**Supplied entries**

(* Let $f(x)=\frac1n\sum_{i=1}^nf_i(x)$ on $\mathbb{R}^d$ where each $f_i$ is $\mu_i$-strongly convex and $L_i$-smooth, and let $x^*$ be the minimizer of $f$. Consider SGD with stepsize $\gamma_k:=\frac1{\sqrt{k+1}}\min\left\{\frac{f_{\mathcal S_k}(x^k)-\ell^*_{\mathcal S_k}}{\|\nabla f_{\mathcal S_k}(x^k)\|^2},\ \gamma_{k-1}\sqrt k\right\}$ for $k\ge1$, and $\gamma_0:=\min\left\{\frac{f_{\mathcal S_0}(x^0)-\ell^*_{\mathcal S_0}}{\|\nabla f_{\mathcal S_0}(x^0)\|^2},\ \gamma_b\right\}$. Then for every $K\ge1$, $$\mathbb{E}[f(\bar x^K)-f(x^* )]\le\frac{2\tilde LD^2_{\max}+2\hat\sigma_B^2}{\sqrt K},$$ where $\bar x^K=\frac1K\sum_{k=0}^{K-1}x^k$, $\tilde L:=\max\{\max_iL_i,\frac1{2\gamma_b}\}$, and $$D^2_{\max}:=\max\left\{\|x^0-x^*\|^2,\ \frac{2\gamma_b\hat\sigma^2_{B,\max}}{\min\left\{\frac{\mu_{\min}}{2L_{\max}},\mu_{\min}\gamma_b\right\}}\right\}$$ with $\mu_{\min}=\min_i\mu_i$, $L_{\max}=\max_iL_i$.
   Context: Minibatches: fix a batch size $B$; at each iteration a subset $\mathcal S_k\subseteq[n]$ with $|\mathcal S_k|=B$ is sampled uniformly at random, independently across iterations. For $\mathcal S\subseteq[n]$, $f_{\mathcal S}:=\frac1{|\mathcal S|}\sum_{i\in\mathcal S}f_i$, $f^*_{\mathcal S}:=\inf_xf_{\mathcal S}(x)$, and $\ell^*_{\mathcal S}$ is a given real number with $\ell^*_{\mathcal S}\le f^*_{\mathcal S}$. SGD: $x^{k+1}=x^k-\gamma_k\nabla f_{\mathcal S_k}(x^k)$ from given $x^0$; $\gamma_b>0$ is a fixed constant; if $\nabla f_{\mathcal S_k}(x^k)=0$ the iterate is not updated. $\hat\sigma_B^2:=\mathbb{E}_{\mathcal S}[f_{\mathcal S}(x^* )-\ell^*_{\mathcal S}]$ with $\mathcal S$ uniform over subsets of size $B$; $\hat\sigma^2_{B,\max}:=\max_{|\mathcal S|=B}[f_{\mathcal S}(x^* )-\ell^*_{\mathcal S}]$. *)

theory Defs
  imports "HOL-Analysis.Analysis"
begin
lemma beta_integrand_integrable_on:
  assumes "0 < d" "d < 1" "0 \<le> a" "b \<le> 1"
  shows "beta_integrand d integrable_on {a..b}"
  by (rule set_borel_integral_eq_integral(1), rule set_integrable_subset[OF set_integrable_beta_integrand])
     (use assms in auto)

lemma has_integral_beta_integrand:
  assumes "0 < d" "d < 1"
  shows "(beta_integrand d has_integral pi / sin (pi * d)) {0..1}"
proof -
  have "Beta (1 - d) d = pi / sin (pi * d)"
    using Gamma_reflection_real[of d] by (simp add: Beta_def mult.commute)
  then show ?thesis
    using has_integral_Beta_real[of "1 - d" d] assms by (simp add: beta_integrand_def[abs_def])
qed

lemma has_integral_beta_integrand_substitution:
  fixes d z :: real
  assumes d: "0 < d" "d < 1" and z: "0 < z"
  shows "((\<lambda>t. t powr (- d) / (1 + z * t)) has_integral
           z powr (d - 1) * integral {0..z / (1 + z)} (beta_integrand d)) {0..1}"
proof -
  define g where "g t = z * t / (1 + z * t)" for t
  define g' where "g' t = z / (1 + z * t)\<^sup>2" for t
  have pos: "0 < 1 + z * t" if "t \<in> {0..1}" for t
    using that z by (simp add: add_pos_nonneg)
  have I: "set_integrable lborel {g 0..g 1} (beta_integrand d)"
    by (rule set_integrable_subset[OF set_integrable_beta_integrand[OF d]]) (use z in \<open>auto simp: g_def\<close>)
  have deriv: "(g has_real_derivative g' t) (at t)" if "t \<in> {0..1}" for t
    using pos[OF that] unfolding g_def g'_def
    by (auto intro!: derivative_eq_intros simp: power2_eq_square field_simps)
  have cont: "continuous_on {0..1} g'"
    unfolding g'_def using pos by (intro continuous_intros) force
  have nonneg: "0 \<le> g' t" if "t \<in> {0..1}" for t
    using z by (simp add: g'_def)
  note subst = integral_substitution[OF I deriv cont nonneg]
  have integrand: "beta_integrand d (g t) * g' t = z powr (1 - d) * (t powr (- d) / (1 + z * t))"
    if "t \<in> {0..1}" for t
  proof (cases "t = 0")
    case False
    define u where "u = 1 + z * t"
    have t: "0 < t" and u: "0 < u" using that False pos[OF that] by (auto simp: u_def)
    have "g t = z * t / u" "g' t = z / u\<^sup>2" "1 - z * t / u = 1 / u"
      using u by (simp_all add: g_def g'_def u_def field_simps)
    moreover have "(z * t / u) powr (- d) = z powr (- d) * t powr (- d) * u powr d"
      using z t u by (simp add: powr_divide powr_mult powr_minus field_simps)
    moreover have "(1 / u) powr (d - 1) = u powr (1 - d)"
      using u by (simp add: powr_divide powr_minus_divide[symmetric] powr_minus)
    ultimately have "beta_integrand d (g t) * g' t
        = (z powr (- d) * z) * t powr (- d) * (u powr d * u powr (1 - d)) / u\<^sup>2"
      unfolding beta_integrand_def by (simp only:) (simp add: ac_simps)
    also have "\<dots> = z powr (1 - d) * (t powr (- d) / u)"
      using z u by (simp add: powr_add[symmetric] powr_mult_base power2_eq_square field_simps)
    finally show ?thesis by (simp add: u_def)
  qed (simp add: beta_integrand_def g_def)
  have "(LINT t:{0..1}|lborel. beta_integrand d (g t) * g' t) = (LINT v:{g 0..g 1}|lborel. beta_integrand d v)"
    using subst(2) by (simp add: set_lebesgue_integral_def mult.commute)
  then have "((\<lambda>t. beta_integrand d (g t) * g' t) has_integral integral {g 0..g 1} (beta_integrand d)) {0..1}"
    using set_borel_integral_eq_integral[OF subst(1)] set_borel_integral_eq_integral(2)[OF I]
    by (simp add: has_integral_integral)
  then have "((\<lambda>t. z powr (1 - d) * (t powr (- d) / (1 + z * t))) has_integral
              integral {g 0..g 1} (beta_integrand d)) {0..1}"
    by (rule has_integral_eq[rotated]) (rule integrand)
  then have "((\<lambda>t. z powr (1 - d) * (t powr (- d) / (1 + z * t))) has_integral
              integral {0..z / (1 + z)} (beta_integrand d)) {0..1}"
    by (simp add: g_def)
  from has_integral_mult_right[OF this, of "z powr (d - 1)"] show ?thesis
    using z by (simp add: mult.assoc[symmetric] powr_add[symmetric])
qed
lemma one_minus_le_abs_mult:
  fixes x y e :: real
  assumes "1 - e \<le> x\<^sup>2" "1 - e \<le> y\<^sup>2"
  shows "1 - e \<le> \<bar>x * y\<bar>"
proof (cases "1 - e \<le> 0")
  case True
  then show ?thesis
    using abs_ge_zero[of "x * y"] by linarith
next
  case False
  then have "(1 - e) * (1 - e) \<le> x\<^sup>2 * y\<^sup>2"
    using assms by (intro mult_mono) auto
  then have "(1 - e)\<^sup>2 \<le> \<bar>x * y\<bar>\<^sup>2"
    by (simp add: power2_eq_square power_mult_distrib mult_ac)
  then show ?thesis
    by (rule power2_le_imp_le) simp
qed

lemma scaled_unit_plus_error_bounds:
  fixes v c e :: "'a::real_inner"
  assumes v: "v = m *\<^sub>R c + e" and c: "norm c = 1" and e: "norm e \<le> E"
    and m: "W - W * \<delta> \<le> \<bar>m\<bar>" "\<bar>m\<bar> \<le> W" and "0 \<le> \<delta>"
    and gap: "0 < W - W * \<delta> - E"
  shows "vdist (sgn v) c \<le> E / (W - W * \<delta> - E)"
    and "\<bar>norm v - W\<bar> \<le> 2 * W * \<delta> + E"
proof -
  have "0 \<le> E"
    using e norm_ge_zero[of e] by linarith
  then have "m \<noteq> 0"
    using m gap by auto
  have "vdist (sgn v) c \<le> norm e / \<bar>m\<bar>"
    using v \<open>m \<noteq> 0\<close> c by (rule vdist_sgn_le)
  also have "\<dots> \<le> E / \<bar>m\<bar>"
    using e by (simp add: divide_right_mono)
  also have "\<dots> \<le> E / (W - W * \<delta> - E)"
    using \<open>0 \<le> E\<close> gap m by (intro divide_left_mono) auto
  finally show "vdist (sgn v) c \<le> E / (W - W * \<delta> - E)" .
  have "\<bar>norm v - \<bar>m\<bar>\<bar> \<le> norm e"
    using norm_triangle_ineq3[of v "m *\<^sub>R c"] v c by simp
  moreover have "0 \<le> W * \<delta>"
    using m \<open>0 \<le> \<delta>\<close> by simp
  ultimately show "\<bar>norm v - W\<bar> \<le> 2 * W * \<delta> + E"
    using m e by linarith
qed

section \<open>Column matrices\<close>

lemma matnorm_nonneg: "0 \<le> matnorm M"
  unfolding matnorm_def by (intro onorm_pos_le matrix_vector_mul_bounded_linear)

lemma norm_matrix_vector_mult_le: "norm (M *v x) \<le> matnorm M * norm x"
  unfolding matnorm_def by (intro onorm matrix_vector_mul_bounded_linear)

lemma colmat_mult_vec: "colmat c *v g = (\<Sum>i\<in>UNIV. (g $ i) *\<^sub>R c i)"
  by (simp add: colmat_def matrix_vector_mult_def vec_eq_iff sum_component mult.commute)

lemma norm_inner_columns_le:
  fixes b :: "'k::finite \<Rightarrow> real^'d::finite"
  shows "norm (\<chi> i. b i \<bullet> q) \<le> matnorm (colmat b) * norm q"
proof -
  define g where "g = (\<chi> i. b i \<bullet> q)"
  have "(norm g)\<^sup>2 = (\<Sum>i\<in>UNIV. g $ i * (b i \<bullet> q))"
    unfolding power2_norm_eq_inner inner_vec_def[of g g] by (simp add: g_def)
  also have "\<dots> = (colmat b *v g) \<bullet> q"
    by (simp add: colmat_mult_vec inner_sum_left)
  also have "\<dots> \<le> norm (colmat b *v g) * norm q"
    by (rule norm_cauchy_schwarz)
  also have "\<dots> \<le> matnorm (colmat b) * norm g * norm q"
    by (intro mult_right_mono norm_matrix_vector_mult_le norm_ge_zero)
  finally have "norm g * norm g \<le> norm g * (matnorm (colmat b) * norm q)"
    by (simp add: power2_eq_square mult_ac)
  then show ?thesis
    using matnorm_nonneg[of "colmat b"] by (cases "g = 0") (auto simp: g_def)
qed

lemma norm_le_of_abs_component_le:
  fixes g h :: "real^'n"
  assumes "\<And>i. \<bar>g $ i\<bar> \<le> K * \<bar>h $ i\<bar>" "0 \<le> K"
  shows "norm g \<le> K * norm h"
proof -
  have "norm g = L2_set (\<lambda>i. \<bar>g $ i\<bar>) UNIV"
    by (simp add: norm_vec_def)
  also have "\<dots> \<le> L2_set (\<lambda>i. K * \<bar>h $ i\<bar>) UNIV"
    by (rule L2_set_mono) (use assms in auto)
  also have "\<dots> = K * norm h"
    using assms(2) by (simp add: L2_set_right_distrib norm_vec_def)
  finally show ?thesis .
qed

lemma norm_offdiag_sum_le:
  fixes b c :: "'k::finite \<Rightarrow> real^'d::finite"
  assumes "\<And>i. i \<noteq> j \<Longrightarrow> \<bar>h i\<bar> \<le> K" "0 \<le> K"
    and "matnorm (colmat b) \<le> M" "matnorm (colmat c) \<le> M"
  shows "norm (\<Sum>i\<in>UNIV - {j}. (h i * (b i \<bullet> q)) *\<^sub>R c i) \<le> M\<^sup>2 * K * norm q"
proof -
  define g :: "real^'k" where "g = (\<chi> i. if i = j then 0 else h i * (b i \<bullet> q))"
  have "colmat c *v g = (\<Sum>i\<in>UNIV - {j}. (g $ i) *\<^sub>R c i)"
    by (simp add: colmat_mult_vec sum.remove[of UNIV j] g_def)
  also have "\<dots> = (\<Sum>i\<in>UNIV - {j}. (h i * (b i \<bullet> q)) *\<^sub>R c i)"
    by (intro sum.cong) (auto simp: g_def)
  finally have sum_eq: "(\<Sum>i\<in>UNIV - {j}. (h i * (b i \<bullet> q)) *\<^sub>R c i) = colmat c *v g"
    by simp
  have "norm g \<le> K * norm (\<chi> i. b i \<bullet> q)"
    using assms(1,2) by (intro norm_le_of_abs_component_le) (auto simp: g_def abs_mult intro: mult_right_mono)
  also have "\<dots> \<le> K * (M * norm q)"
    using norm_inner_columns_le[of b q] assms(2,3)
    by (meson mult_left_mono mult_right_mono norm_ge_zero order_trans)
  finally have "norm g \<le> K * (M * norm q)" .
  then have "norm (colmat c *v g) \<le> M * (K * (M * norm q))"
    using norm_matrix_vector_mult_le[of "colmat c" g] assms(4)
    by (meson matnorm_nonneg mult_mono norm_ge_zero order_trans)
  then show ?thesis
    by (simp add: sum_eq power2_eq_square mult_ac)
qed

section \<open>Contracting a CP tensor near one of its components\<close>

lemma tvec12_cpd:
  "tvec12 (cpd w a b c) u v = (\<Sum>i\<in>UNIV. (w i * (a i \<bullet> u) * (b i \<bullet> v)) *\<^sub>R c i)"
proof -
  have "(\<Sum>p\<in>UNIV. \<Sum>q\<in>UNIV. (\<Sum>i\<in>UNIV. w i * (a i $ p * b i $ q * c i $ l)) * u $ p * v $ q)
      = (\<Sum>p\<in>UNIV. \<Sum>q\<in>UNIV. \<Sum>i\<in>UNIV. w i * (a i $ p * u $ p) * (b i $ q * v $ q) * c i $ l)"
    for l by (simp add: sum_distrib_left sum_distrib_right mult_ac)
  also have "\<dots> l = (\<Sum>i\<in>UNIV. \<Sum>p\<in>UNIV. \<Sum>q\<in>UNIV. w i * (a i $ p * u $ p) * (b i $ q * v $ q) * c i $ l)"
    for l by (rule sum_rotate3)
  also have "\<dots> l = (\<Sum>i\<in>UNIV. w i * (\<Sum>p\<in>UNIV. a i $ p * u $ p) * (\<Sum>q\<in>UNIV. b i $ q * v $ q) * c i $ l)"
    for l by (simp add: sum_product sum_distrib_left mult_ac)
  finally show ?thesis
    by (simp add: tvec12_def cpd_def outer3_def vec_eq_iff inner_vec_def sum_component)
qed

lemma tvec12_cpd_remove:
  "tvec12 (cpd w a b c) u v = (w j * (a j \<bullet> u) * (b j \<bullet> v)) *\<^sub>R c j
     + (\<Sum>i\<in>UNIV - {j}. (w i * (a i \<bullet> u) * (b i \<bullet> v)) *\<^sub>R c i)"
  by (simp add: tvec12_cpd sum.remove)

lemma norm_tvec12_cpd_perturbed_le:
  fixes w :: "'k::finite \<Rightarrow> real" and a b c :: "'k \<Rightarrow> real^'d::finite"
  defines "T \<equiv> cpd w a b c"
  assumes unit: "norm (a j) = 1" "norm (b j) = 1"
    and orth: "a j \<bullet> u = 0" "b j \<bullet> p = 0"
    and coeffs: "\<bar>x\<bar> \<le> 1" "\<bar>y\<bar> \<le> 1"
    and small: "norm u \<le> \<epsilon>" "norm p \<le> \<epsilon>"
    and incoh: "\<And>i. i \<noteq> j \<Longrightarrow> \<bar>w i * (a i \<bullet> a j)\<bar> \<le> K"
      "\<And>i. i \<noteq> j \<Longrightarrow> \<bar>w i * (b i \<bullet> b j)\<bar> \<le> K" "0 \<le> K"
    and matn: "matnorm (colmat a) \<le> M" "matnorm (colmat b) \<le> M" "matnorm (colmat c) \<le> M"
  shows "norm (tvec12 T (x *\<^sub>R a j + u) (y *\<^sub>R b j + p) - (w j * x * y) *\<^sub>R c j)
    \<le> norm (\<Sum>i\<in>UNIV - {j}. (w i * (a i \<bullet> a j) * (b i \<bullet> b j)) *\<^sub>R c i)
       + 2 * M\<^sup>2 * K * \<epsilon> + tnorm T * \<epsilon>\<^sup>2"
proof -
  define S0 where "S0 = (\<Sum>i\<in>UNIV - {j}. (w i * (a i \<bullet> a j) * (b i \<bullet> b j)) *\<^sub>R c i)"
  define S1 where "S1 = (\<Sum>i\<in>UNIV - {j}. (w i * (a i \<bullet> a j) * (b i \<bullet> p)) *\<^sub>R c i)"
  define S2 where "S2 = (\<Sum>i\<in>UNIV - {j}. (w i * (b i \<bullet> b j) * (a i \<bullet> u)) *\<^sub>R c i)"
  have "a j \<bullet> a j = 1" "b j \<bullet> b j = 1"
    using unit by (simp_all add: dot_square_norm)
  then have "tvec12 T (a j) (b j) = w j *\<^sub>R c j + S0"
    "tvec12 T (a j) p = S1" "tvec12 T u (b j) = S2"
    using orth unfolding T_def S0_def S1_def S2_def tvec12_cpd_remove[where j = j]
    by (simp_all add: inner_commute mult_ac)
  then have error_eq: "tvec12 T (x *\<^sub>R a j + u) (y *\<^sub>R b j + p) - (w j * x * y) *\<^sub>R c j
      = (x * y) *\<^sub>R S0 + x *\<^sub>R S1 + y *\<^sub>R S2 + tvec12 T u p"
    by (simp add: tvec12_add_left tvec12_add_right tvec12_scaleR_left tvec12_scaleR_right
        algebra_simps)
  have "0 \<le> M\<^sup>2 * K"
    using incoh(3) by simp
  then have S1: "norm S1 \<le> M\<^sup>2 * K * \<epsilon>" and S2: "norm S2 \<le> M\<^sup>2 * K * \<epsilon>"
    using norm_offdiag_sum_le[OF incoh(1,3) matn(2,3), where q = p] norm_offdiag_sum_le[OF incoh(2,3) matn(1,3), where q = u]
      mult_left_mono[OF small(2)] mult_left_mono[OF small(1)]
    unfolding S1_def S2_def by (meson order_trans)+
  have "norm (tvec12 T u p) \<le> tnorm T * norm u * norm p"
    by (rule norm_tvec12_le)
  also have "\<dots> \<le> tnorm T * \<epsilon> * \<epsilon>"
    using small tnorm_nonneg[of T] order_trans[OF norm_ge_zero small(1)] by (intro mult_mono) auto
  finally have "norm (tvec12 T u p) \<le> tnorm T * \<epsilon>\<^sup>2"
    by (simp add: power2_eq_square mult_ac)
  moreover have "norm ((x * y) *\<^sub>R S0) \<le> norm S0" "norm (x *\<^sub>R S1) \<le> norm S1"
    "norm (y *\<^sub>R S2) \<le> norm S2"
    using coeffs by (simp_all add: abs_mult mult_le_one mult_left_le_one_le)
  moreover have "norm ((x * y) *\<^sub>R S0 + x *\<^sub>R S1 + y *\<^sub>R S2 + tvec12 T u p)
      \<le> norm ((x * y) *\<^sub>R S0) + norm (x *\<^sub>R S1) + norm (y *\<^sub>R S2) + norm (tvec12 T u p)"
    by (intro norm_triangle_le add_mono order_refl)
  ultimately show ?thesis
    unfolding error_eq S0_def[symmetric] using S1 S2 by linarith
qed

**Task prompt**
What lines in the data above contain the word "incoh"? Copy them all.

**Exercise answer**
    and incoh: "\<And>i. i \<noteq> j \<Longrightarrow> \<bar>w i * (a i \<bullet> a j)\<bar> \<le> K"
    using incoh(3) by simp
    using norm_offdiag_sum_le[OF incoh(1,3) matn(2,3), where q = p] norm_offdiag_sum_le[OF incoh(2,3) matn(1,3), where q = u]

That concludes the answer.